Exercise aim.
Can you quote, word for word, every line from the first line of the records below through the line containing "then (\<Sum>k. cos", and nothing else?

^^^^^^^^^^^^^^^^

(* Let $p\ge0$ be an integer and $0<x<2\pi$. Then $$\sum_{k=1}^\infty\frac{\cos(kx)}{(2k-1)(2k)^p(2k+1)}=\begin{cases}\dfrac12-\dfrac{\pi}{4}\sin\dfrac x2-\displaystyle\sum_{j=1}^{p/2}\frac{\mathrm{Gl}_{2j}(x)}{2^{2j}}, & p\text{ even},\\[8pt] -\dfrac12-\dfrac12\cos\dfrac x2\,\ln\Big(\tan\dfrac x4\Big)+\dfrac12\ln\Big(2\sin\dfrac x2\Big)-\displaystyle\sum_{j=1}^{(p-1)/2}\frac{\mathrm{Cl}_{2j+1}(x)}{2^{2j+1}}, & p\text{ odd},\end{cases}$$ and $$\sum_{k=1}^\infty\frac{\sin(kx)}{(2k-1)(2k)^p(2k+1)}=\begin{cases}-\dfrac12\sin\dfrac x2\,\ln\Big(\tan\dfrac x4\Big)-\displaystyle\sum_{j=1}^{p/2}\frac{\mathrm{Cl}_{2j}(x)}{2^{2j}}, & p\text{ even},\\[8pt] \dfrac{\pi}{4}\cos\dfrac x2-\dfrac14(\pi-x)-\displaystyle\sum_{j=1}^{(p-1)/2}\frac{\mathrm{Gl}_{2j+1}(x)}{2^{2j+1}}, & p\text{ odd},\end{cases}$$ with empty sums equal to $0$.
   Context: For integers $n\ge1$ the Clausen functions are $\mathrm{Cl}_{2n}(x)=\sum_{k\ge1}\frac{\sin(kx)}{k^{2n}}$, $\mathrm{Cl}_{2n+1}(x)=\sum_{k\ge1}\frac{\cos(kx)}{k^{2n+1}}$, $\mathrm{Gl}_{2n}(x)=\sum_{k\ge1}\frac{\cos(kx)}{k^{2n}}$, $\mathrm{Gl}_{2n+1}(x)=\sum_{k\ge1}\frac{\sin(kx)}{k^{2n+1}}$; equivalently $\operatorname{Li}_{2n}(e^{ix})=\mathrm{Gl}_{2n}(x)+i\,\mathrm{Cl}_{2n}(x)$ and $\operatorname{Li}_{2n+1}(e^{ix})=\mathrm{Cl}_{2n+1}(x)+i\,\mathrm{Gl}_{2n+1}(x)$. *)

theory Defs
  imports "HOL-Analysis.Analysis"
begin

definition Cl :: "nat \<Rightarrow> real \<Rightarrow> real" where
  "Cl m x = (if even m
     then (\<Sum>k. sin (real (Suc k) * x) / real (Suc k) ^ m)
     else (\<Sum>k. cos (real (Suc k) * x) / real (Suc k) ^ m))"

definition Gl :: "nat \<Rightarrow> real \<Rightarrow> real" where
  "Gl m x = (if even m
     then (\<Sum>k. cos (real (Suc k) * x) / real (Suc k) ^ m)
     else (\<Sum>k. sin (real (Suc k) * x) / real (Suc k) ^ m))"

end

theory Submission
  imports Defs
begin

(* The partial fractions
     1 / ((2k-1) (2k)^(p+2) (2k+1)) = 1 / ((2k-1) (2k)^p (2k+1)) - 1 / (2k)^(p+2)
   lower p by two at the cost of one Clausen term of order p + 2, so everything reduces to
   p = 0 and p = 1. Splitting these weights further into 1/(2k-1), 1/(2k+1) and 1/k, the base
   sums become combinations of sum e^(ikx)/k = -Log (1 - e^(ix)) and of its odd part at
   e^(ix/2), where Log (1 - e^(i phi)) = ln (2 sin (phi/2)) + i (phi - pi)/2 for 0 < phi < 2 pi.
   The logarithmic series converges on the closed unit disc minus {1}: its remainder after n
   terms is the integral of z (tz)^n / (1 - tz) over [0,1], and |1 - tz| >= (1 - Re z)/2 there. *)

lemma Re_less_one_if_norm_le_one:
  fixes z :: complex
  assumes "norm z \<le> 1" and "z \<noteq> 1"
  shows "Re z < 1"
proof (rule ccontr)
  assume "\<not> Re z < 1"
  with assms(1) have "Re z = 1"
    using complex_Re_le_cmod[of z] by linarith
  moreover have "(Re z)\<^sup>2 + (Im z)\<^sup>2 \<le> 1"
    using assms(1) by (simp add: cmod_def)
  ultimately show False
    using assms(2) by (simp add: complex_eq_iff)
qed

lemma Re_one_minus_segment_ge:
  fixes z :: complex
  assumes "norm z \<le> 1" and "t \<in> {0..1}"
  shows "(1 - Re z) / 2 \<le> Re (1 - of_real t * z)"
proof -
  have "\<bar>Re z\<bar> \<le> 1"
    using abs_Re_le_cmod[of z] assms(1) by linarith
  moreover have "t * Re z \<le> max 0 (Re z)"
    using assms(2) by (cases "Re z \<ge> 0") (auto simp: mult_left_le_one_le mult_nonneg_nonpos)
  ultimately show ?thesis
    by auto
qed

lemma has_field_derivative_log_series_remainder:
  fixes u :: complex
  assumes "Re u < 1"
  shows "((\<lambda>v. - Ln (1 - v) - (\<Sum>k<n. v ^ Suc k / of_nat (Suc k)))
           has_field_derivative u ^ n / (1 - u)) (at u)"
proof -
  have "1 - u \<notin> \<real>\<^sub>\<le>\<^sub>0" and "u \<noteq> 1"
    using assms by (auto simp: complex_nonpos_Reals_iff)
  then have Ln: "((\<lambda>v. Ln (1 - v)) has_field_derivative - inverse (1 - u)) (at u)"
    by (auto intro!: derivative_eq_intros)
  have power: "((\<lambda>v. v ^ Suc k / of_nat (Suc k)) has_field_derivative u ^ k) (at u)" for k
    using DERIV_cdivide[OF DERIV_power[OF DERIV_ident, where n="Suc k"], of "of_nat (Suc k)"]
    by (simp del: of_nat_Suc)
  have "((\<lambda>v. \<Sum>k<n. v ^ Suc k / of_nat (Suc k)) has_field_derivative (\<Sum>k<n. u ^ k)) (at u)"
    by (rule DERIV_sum) (rule power)
  from DERIV_diff[OF DERIV_minus[OF Ln] this]
  have "((\<lambda>v. - Ln (1 - v) - (\<Sum>k<n. v ^ Suc k / of_nat (Suc k)))
           has_field_derivative inverse (1 - u) - (\<Sum>k<n. u ^ k)) (at u)"
    by (simp only: minus_minus)
  also have "inverse (1 - u) - (\<Sum>k<n. u ^ k) = u ^ n / (1 - u)"
    using \<open>u \<noteq> 1\<close> by (simp add: sum_gp_strict field_simps)
  finally show ?thesis .
qed

lemma has_integral_log_series_remainder:
  fixes z :: complex
  assumes "norm z \<le> 1" and "z \<noteq> 1"
  shows "((\<lambda>t. z * ((of_real t * z) ^ n / (1 - of_real t * z))) has_integral
           - Ln (1 - z) - (\<Sum>k<n. z ^ Suc k / of_nat (Suc k))) {0..1}"
proof -
  define R where "R v = - Ln (1 - v) - (\<Sum>k<n. v ^ Suc k / of_nat (Suc k))" for v
  have "((\<lambda>t. R (of_real t * z)) has_vector_derivative
           z * ((of_real t * z) ^ n / (1 - of_real t * z))) (at t within {0..1})"
    if "t \<in> {0..1}" for t
  proof -
    have "Re (of_real t * z) < 1"
      using Re_one_minus_segment_ge[OF assms(1) that] Re_less_one_if_norm_le_one[OF assms] by simp
    note R' = has_field_derivative_log_series_remainder[OF this, of n, folded R_def]
    have "((\<lambda>t. of_real t * z) has_vector_derivative z) (at t)"
      by (auto intro!: derivative_eq_intros simp: has_vector_derivative_def scaleR_conv_of_real)
    from field_vector_diff_chain_at[OF this R']
    show ?thesis
      unfolding o_def by (rule has_vector_derivative_at_within)
  qed
  then show ?thesis
    using fundamental_theorem_of_calculus[of 0 1 "\<lambda>t. R (of_real t * z)"] by (simp add: R_def)
qed

lemma norm_log_series_remainder_le:
  fixes z :: complex
  assumes "norm z \<le> 1" and "z \<noteq> 1"
  shows "norm (- Ln (1 - z) - (\<Sum>k<n. z ^ Suc k / of_nat (Suc k)))
           \<le> 2 / ((1 - Re z) * real (Suc n))"
proof -
  define c where "c = (1 - Re z) / 2"
  have "c > 0"
    using Re_less_one_if_norm_le_one[OF assms] by (simp add: c_def)
  have power: "((\<lambda>t. t ^ n / c) has_integral 1 / (c * real (Suc n))) {0..1}"
  proof -
    have "((\<lambda>t. t ^ Suc n / (c * real (Suc n))) has_real_derivative t ^ n / c) (at t within {0..1})"
      for t
      using DERIV_cdivide[OF DERIV_power[OF DERIV_ident, where n="Suc n"], of "c * real (Suc n)" t]
        \<open>c > 0\<close>
      by (simp del: of_nat_Suc)
    then show ?thesis
      using fundamental_theorem_of_calculus[of 0 1 "\<lambda>t. t ^ Suc n / (c * real (Suc n))"]
      by (simp add: has_real_derivative_iff_has_vector_derivative)
  qed
  have bound: "norm (z * ((of_real t * z) ^ n / (1 - of_real t * z))) \<le> t ^ n / c"
    if "t \<in> {0..1}" for t
  proof -
    have "c \<le> Re (1 - of_real t * z)"
      using Re_one_minus_segment_ge[OF assms(1) that] by (simp add: c_def)
    then have "c \<le> norm (1 - of_real t * z)"
      using complex_Re_le_cmod by (rule order_trans)
    have "norm (z * ((of_real t * z) ^ n / (1 - of_real t * z)))
            = t ^ n * norm z ^ Suc n / norm (1 - of_real t * z)"
      using that by (simp add: norm_mult norm_divide norm_power power_mult_distrib)
    also have "\<dots> \<le> t ^ n / c"
    proof (rule frac_le)
      show "t ^ n * norm z ^ Suc n \<le> t ^ n"
        using that assms(1) by (intro mult_right_le_one_le power_le_one) auto
    qed (use that \<open>c > 0\<close> \<open>c \<le> norm (1 - of_real t * z)\<close> in auto)
    finally show ?thesis .
  qed
  note remainder = has_integral_log_series_remainder[OF assms, of n]
  from integral_norm_bound_integral[OF has_integral_integrable[OF remainder]
      has_integral_integrable[OF power] bound]
  show ?thesis
    unfolding integral_unique[OF remainder] integral_unique[OF power] by (simp add: c_def)
qed

lemma sums_log_series:
  fixes z :: complex
  assumes "norm z \<le> 1" and "z \<noteq> 1"
  shows "(\<lambda>k. z ^ Suc k / of_nat (Suc k)) sums (- Ln (1 - z))"
  unfolding sums_def
proof (rule LIM_zero_cancel, rule Lim_null_comparison)
  show "\<forall>\<^sub>F n in sequentially. norm ((\<Sum>k<n. z ^ Suc k / of_nat (Suc k)) - - Ln (1 - z))
          \<le> 2 / (1 - Re z) * inverse (real (Suc n))"
  proof (intro always_eventually allI)
    fix n
    have "norm ((\<Sum>k<n. z ^ Suc k / of_nat (Suc k)) - - Ln (1 - z))
            = norm (- Ln (1 - z) - (\<Sum>k<n. z ^ Suc k / of_nat (Suc k)))"
      by (rule norm_minus_commute)
    also have "\<dots> \<le> 2 / ((1 - Re z) * real (Suc n))"
      by (rule norm_log_series_remainder_le[OF assms])
    also have "\<dots> = 2 / (1 - Re z) * inverse (real (Suc n))"
      by (simp add: field_simps)
    finally show "norm ((\<Sum>k<n. z ^ Suc k / of_nat (Suc k)) - - Ln (1 - z))
                    \<le> 2 / (1 - Re z) * inverse (real (Suc n))" .
  qed
  show "(\<lambda>n. 2 / (1 - Re z) * inverse (real (Suc n))) \<longlonglongrightarrow> 0"
    by (intro tendsto_mult_right_zero LIMSEQ_inverse_real_of_nat)
qed

lemma one_minus_cis: "1 - cis \<phi> = of_real (2 * sin (\<phi> / 2)) * cis ((\<phi> - pi) / 2)"
proof -
  have "cis ((\<phi> - pi) / 2) = - \<i> * cis (\<phi> / 2)"
    by (simp add: complex_eq_iff diff_divide_distrib cos_diff sin_diff)
  moreover have "cos \<phi> = 1 - 2 * sin (\<phi> / 2) ^ 2" and "sin \<phi> = 2 * sin (\<phi> / 2) * cos (\<phi> / 2)"
    using cos_double_sin[of "\<phi> / 2"] sin_double[of "\<phi> / 2"] by simp_all
  ultimately show ?thesis
    by (simp add: complex_eq_iff power2_eq_square)
qed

^^^^^^^^^^^^^^^^

Output below.
(* Let $p\ge0$ be an integer and $0<x<2\pi$. Then $$\sum_{k=1}^\infty\frac{\cos(kx)}{(2k-1)(2k)^p(2k+1)}=\begin{cases}\dfrac12-\dfrac{\pi}{4}\sin\dfrac x2-\displaystyle\sum_{j=1}^{p/2}\frac{\mathrm{Gl}_{2j}(x)}{2^{2j}}, & p\text{ even},\\[8pt] -\dfrac12-\dfrac12\cos\dfrac x2\,\ln\Big(\tan\dfrac x4\Big)+\dfrac12\ln\Big(2\sin\dfrac x2\Big)-\displaystyle\sum_{j=1}^{(p-1)/2}\frac{\mathrm{Cl}_{2j+1}(x)}{2^{2j+1}}, & p\text{ odd},\end{cases}$$ and $$\sum_{k=1}^\infty\frac{\sin(kx)}{(2k-1)(2k)^p(2k+1)}=\begin{cases}-\dfrac12\sin\dfrac x2\,\ln\Big(\tan\dfrac x4\Big)-\displaystyle\sum_{j=1}^{p/2}\frac{\mathrm{Cl}_{2j}(x)}{2^{2j}}, & p\text{ even},\\[8pt] \dfrac{\pi}{4}\cos\dfrac x2-\dfrac14(\pi-x)-\displaystyle\sum_{j=1}^{(p-1)/2}\frac{\mathrm{Gl}_{2j+1}(x)}{2^{2j+1}}, & p\text{ odd},\end{cases}$$ with empty sums equal to $0$.
   Context: For integers $n\ge1$ the Clausen functions are $\mathrm{Cl}_{2n}(x)=\sum_{k\ge1}\frac{\sin(kx)}{k^{2n}}$, $\mathrm{Cl}_{2n+1}(x)=\sum_{k\ge1}\frac{\cos(kx)}{k^{2n+1}}$, $\mathrm{Gl}_{2n}(x)=\sum_{k\ge1}\frac{\cos(kx)}{k^{2n}}$, $\mathrm{Gl}_{2n+1}(x)=\sum_{k\ge1}\frac{\sin(kx)}{k^{2n+1}}$; equivalently $\operatorname{Li}_{2n}(e^{ix})=\mathrm{Gl}_{2n}(x)+i\,\mathrm{Cl}_{2n}(x)$ and $\operatorname{Li}_{2n+1}(e^{ix})=\mathrm{Cl}_{2n+1}(x)+i\,\mathrm{Gl}_{2n+1}(x)$. *)

theory Defs
  imports "HOL-Analysis.Analysis"
begin

definition Cl :: "nat \<Rightarrow> real \<Rightarrow> real" where
  "Cl m x = (if even m
     then (\<Sum>k. sin (real (Suc k) * x) / real (Suc k) ^ m)
     else (\<Sum>k. cos (real (Suc k) * x) / real (Suc k) ^ m))"

definition Gl :: "nat \<Rightarrow> real \<Rightarrow> real" where
  "Gl m x = (if even m
     then (\<Sum>k. cos (real (Suc k) * x) / real (Suc k) ^ m)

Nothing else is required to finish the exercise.